Stowe makes the point however that such a large organization won't be able to compete effectively in aggregate competition with the nimble Web 2.0 "gazelles", which seem to be sprouting up everywhere we look these days.  Stowe says this causes far "too many battles"as customers can increasingly find just the right software to fit their needs and in this world, one-size-fits-all makes less sense.  Still, in a post MIX interview with Martin LaMonica, Gates says that Microsoft has been "pretty rational as the fads roll through," and that seems to capture the spirit of the caution we're seeing.

The somewhat touted ajaxWrite this week does show that potshots at entrenched mainstream products will be taken.  The fact is, however, that we have yet to see anything truly disruptive to the big software vendors on an individual basis (excepting perhaps, Salesforce.com).  Despite this, I predict that the cumulative drag effect of Web 2.0 software will be the real disruptive force in the near term.  That, and the fact that usage patterns haven't really begun to switch.  I might personally be using Writely, Flickr, del.icio.us, online project management tools, and Web mail clients from inside FireFox for most of my daily work, but most other folks haven't gotten there yet.

Data storage the killer app for the Web platform?

Finally, a couple of other interesting points.  One, O'Reilly made much of using data to leverage and support a related hardware platform for greater cumulative effect, like Apple does with iTunes.  Gates didn't respond meaningfully to the concept, yet it's clear that we're seeing a rise in significant attempts to be the key conveyer of data. Google Base and Amazon's amazing S3 are just two examples of online Web storage that is intended to be general purpose enough for everything. The unstated message: Whoever amasses the most data first, wins.

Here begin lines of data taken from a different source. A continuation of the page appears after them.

definition proper_col :: "('v \<Rightarrow> 'v \<Rightarrow> bool) \<Rightarrow> ('v \<Rightarrow> 'c) \<Rightarrow> bool" where
  "proper_col E \<phi> \<longleftrightarrow> (\<forall>x y. E x y \<longrightarrow> \<phi> x \<noteq> \<phi> y)"

definition chromatic_number :: "('v \<Rightarrow> 'v \<Rightarrow> bool) \<Rightarrow> nat" where
  "chromatic_number E = (LEAST k. \<exists>\<phi>::'v \<Rightarrow> nat. proper_col E \<phi> \<and> (\<forall>x. \<phi> x < k))"

definition pow_verts :: "nat \<Rightarrow> (nat \<Rightarrow> 'v) set" where
  "pow_verts n = PiE {..<n} (\<lambda>_. UNIV)"

definition pow_adj :: "('v \<Rightarrow> 'v \<Rightarrow> bool) \<Rightarrow> 'i set \<Rightarrow> ('i \<Rightarrow> 'v) \<Rightarrow> ('i \<Rightarrow> 'v) \<Rightarrow> bool" where
  "pow_adj E S v w \<longleftrightarrow> (\<forall>i\<in>S. E (v i) (w i))"

definition pow_k_coloring :: "('v \<Rightarrow> 'v \<Rightarrow> bool) \<Rightarrow> nat \<Rightarrow> nat \<Rightarrow> ((nat \<Rightarrow> 'v) \<Rightarrow> nat) \<Rightarrow> bool" where
  "pow_k_coloring E n k c \<longleftrightarrow>
     (\<forall>v\<in>pow_verts n. c v < k) \<and>
     (\<forall>v\<in>pow_verts n. \<forall>w\<in>pow_verts n. pow_adj E {..<n} v w \<longrightarrow> c v \<noteq> c w)"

These efforts show that the Web is starting to enter maturity as a true platform, only increasing the pressure on traditional software vendors and customers to compete using these cheaper (due to scale) and nimbler resources. 

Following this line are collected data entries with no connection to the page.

(* For any connected graphs $G$ and $H$, $$\mu_t(G\,\Box\,H)\le \min\{(n(G)-|\mathcal{P}(G)|)\,\mu_t(H),\ (n(H)-|\mathcal{P}(H)|)\,\mu_t(G)\}.$$
   Context: All graphs are finite, simple and undirected; $n(G)$ denotes the order of $G$ and $N_G[v]$ the closed neighborhood of $v$. The Cartesian product $G\,\Box\,H$ has vertex set $V(G)\times V(H)$, with $(x,y)$ adjacent to $(x',y')$ iff either $x=x'$ and $yy'\in E(H)$, or $xx'\in E(G)$ and $y=y'$. Let $F$ be a connected graph and $X\subseteq V(F)$. Two vertices $x,y\in V(F)$ are $X$-visible if there exists a shortest $x,y$-path in $F$ none of whose internal vertices belongs to $X$. $X$ is a total mutual-visibility set of $F$ if every two vertices of $F$ are $X$-visible (the empty set is allowed). $\mu_t(F)$ is the maximum cardinality of a total mutual-visibility set of $F$. $\mathcal{P}(F)$ is the set of vertices $v$ of $F$ for which there exist two distinct vertices $u,w\in V(F)$ with $N_F[u]\cap N_F[w]=\{v\}$. *)

theory Defs
  imports Main
begin

definition simple_graph :: "'a set \<Rightarrow> ('a \<Rightarrow> 'a \<Rightarrow> bool) \<Rightarrow> bool" where
  "simple_graph V E \<longleftrightarrow> finite V \<and>
     (\<forall>x y. E x y \<longrightarrow> x \<in> V \<and> y \<in> V) \<and>
     (\<forall>x y. E x y \<longrightarrow> E y x) \<and> (\<forall>x. \<not> E x x)"

definition is_walk :: "'a set \<Rightarrow> ('a \<Rightarrow> 'a \<Rightarrow> bool) \<Rightarrow> 'a list \<Rightarrow> bool" where
  "is_walk V E p \<longleftrightarrow> p \<noteq> [] \<and> set p \<subseteq> V \<and>
     (\<forall>i. Suc i < length p \<longrightarrow> E (p ! i) (p ! Suc i))"

definition walk_betw :: "'a set \<Rightarrow> ('a \<Rightarrow> 'a \<Rightarrow> bool) \<Rightarrow> 'a \<Rightarrow> 'a list \<Rightarrow> 'a \<Rightarrow> bool" where
  "walk_betw V E x p y \<longleftrightarrow> is_walk V E p \<and> hd p = x \<and> last p = y"

definition connected_graph :: "'a set \<Rightarrow> ('a \<Rightarrow> 'a \<Rightarrow> bool) \<Rightarrow> bool" where
  "connected_graph V E \<longleftrightarrow> simple_graph V E \<and> V \<noteq> {} \<and>
     (\<forall>x\<in>V. \<forall>y\<in>V. \<exists>p. walk_betw V E x p y)"

definition gdist :: "'a set \<Rightarrow> ('a \<Rightarrow> 'a \<Rightarrow> bool) \<Rightarrow> 'a \<Rightarrow> 'a \<Rightarrow> nat" where
  "gdist V E x y = (LEAST n. \<exists>p. walk_betw V E x p y \<and> length p = Suc n)"

definition shortest_path :: "'a set \<Rightarrow> ('a \<Rightarrow> 'a \<Rightarrow> bool) \<Rightarrow> 'a \<Rightarrow> 'a list \<Rightarrow> 'a \<Rightarrow> bool" where
  "shortest_path V E x p y \<longleftrightarrow> walk_betw V E x p y \<and> length p = Suc (gdist V E x y)"

definition internal :: "'a list \<Rightarrow> 'a set" where
  "internal p = set (butlast (tl p))"

definition visible :: "'a set \<Rightarrow> ('a \<Rightarrow> 'a \<Rightarrow> bool) \<Rightarrow> 'a set \<Rightarrow> 'a \<Rightarrow> 'a \<Rightarrow> bool" where
  "visible V E X x y \<longleftrightarrow> (\<exists>p. shortest_path V E x p y \<and> internal p \<inter> X = {})"

definition total_mv_set :: "'a set \<Rightarrow> ('a \<Rightarrow> 'a \<Rightarrow> bool) \<Rightarrow> 'a set \<Rightarrow> bool" where
  "total_mv_set V E X \<longleftrightarrow> X \<subseteq> V \<and> (\<forall>x\<in>V. \<forall>y\<in>V. visible V E X x y)"

definition mu_t :: "'a set \<Rightarrow> ('a \<Rightarrow> 'a \<Rightarrow> bool) \<Rightarrow> nat" where
  "mu_t V E = Max (card ` {X. total_mv_set V E X})"

definition closed_nbhd :: "'a set \<Rightarrow> ('a \<Rightarrow> 'a \<Rightarrow> bool) \<Rightarrow> 'a \<Rightarrow> 'a set" where
  "closed_nbhd V E v = {u\<in>V. u = v \<or> E v u}"

definition Pset :: "'a set \<Rightarrow> ('a \<Rightarrow> 'a \<Rightarrow> bool) \<Rightarrow> 'a set" where
  "Pset V E = {v\<in>V. \<exists>u\<in>V. \<exists>w\<in>V. u \<noteq> w \<and> closed_nbhd V E u \<inter> closed_nbhd V E w = {v}}"

definition cart_V :: "'a set \<Rightarrow> 'b set \<Rightarrow> ('a \<times> 'b) set" where
  "cart_V VG VH = VG \<times> VH"

definition cart_E :: "'a set \<Rightarrow> ('a \<Rightarrow> 'a \<Rightarrow> bool) \<Rightarrow> 'b set \<Rightarrow> ('b \<Rightarrow> 'b \<Rightarrow> bool)
    \<Rightarrow> ('a \<times> 'b) \<Rightarrow> ('a \<times> 'b) \<Rightarrow> bool" where
  "cart_E VG EG VH EH p q \<longleftrightarrow> p \<in> VG \<times> VH \<and> q \<in> VG \<times> VH \<and>
     ((fst p = fst q \<and> EH (snd p) (snd q)) \<or> (EG (fst p) (fst q) \<and> snd p = snd q))"

end

theory Submission
  imports Defs
begin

And two, Gates admits that Microsoft miscalculated the value of the advertising business model, again essentially their seeming corporate inability to measure the scale and power of the Web and its associated network effects.  Fortunately, I think this is one of the smaller pieces of the online software puzzle and I'm with Fred Wilson that the most viable business model for online software may already exist.

Will better online software solutions leak en masse through the firewall and remake enterprise IT from bottom-up?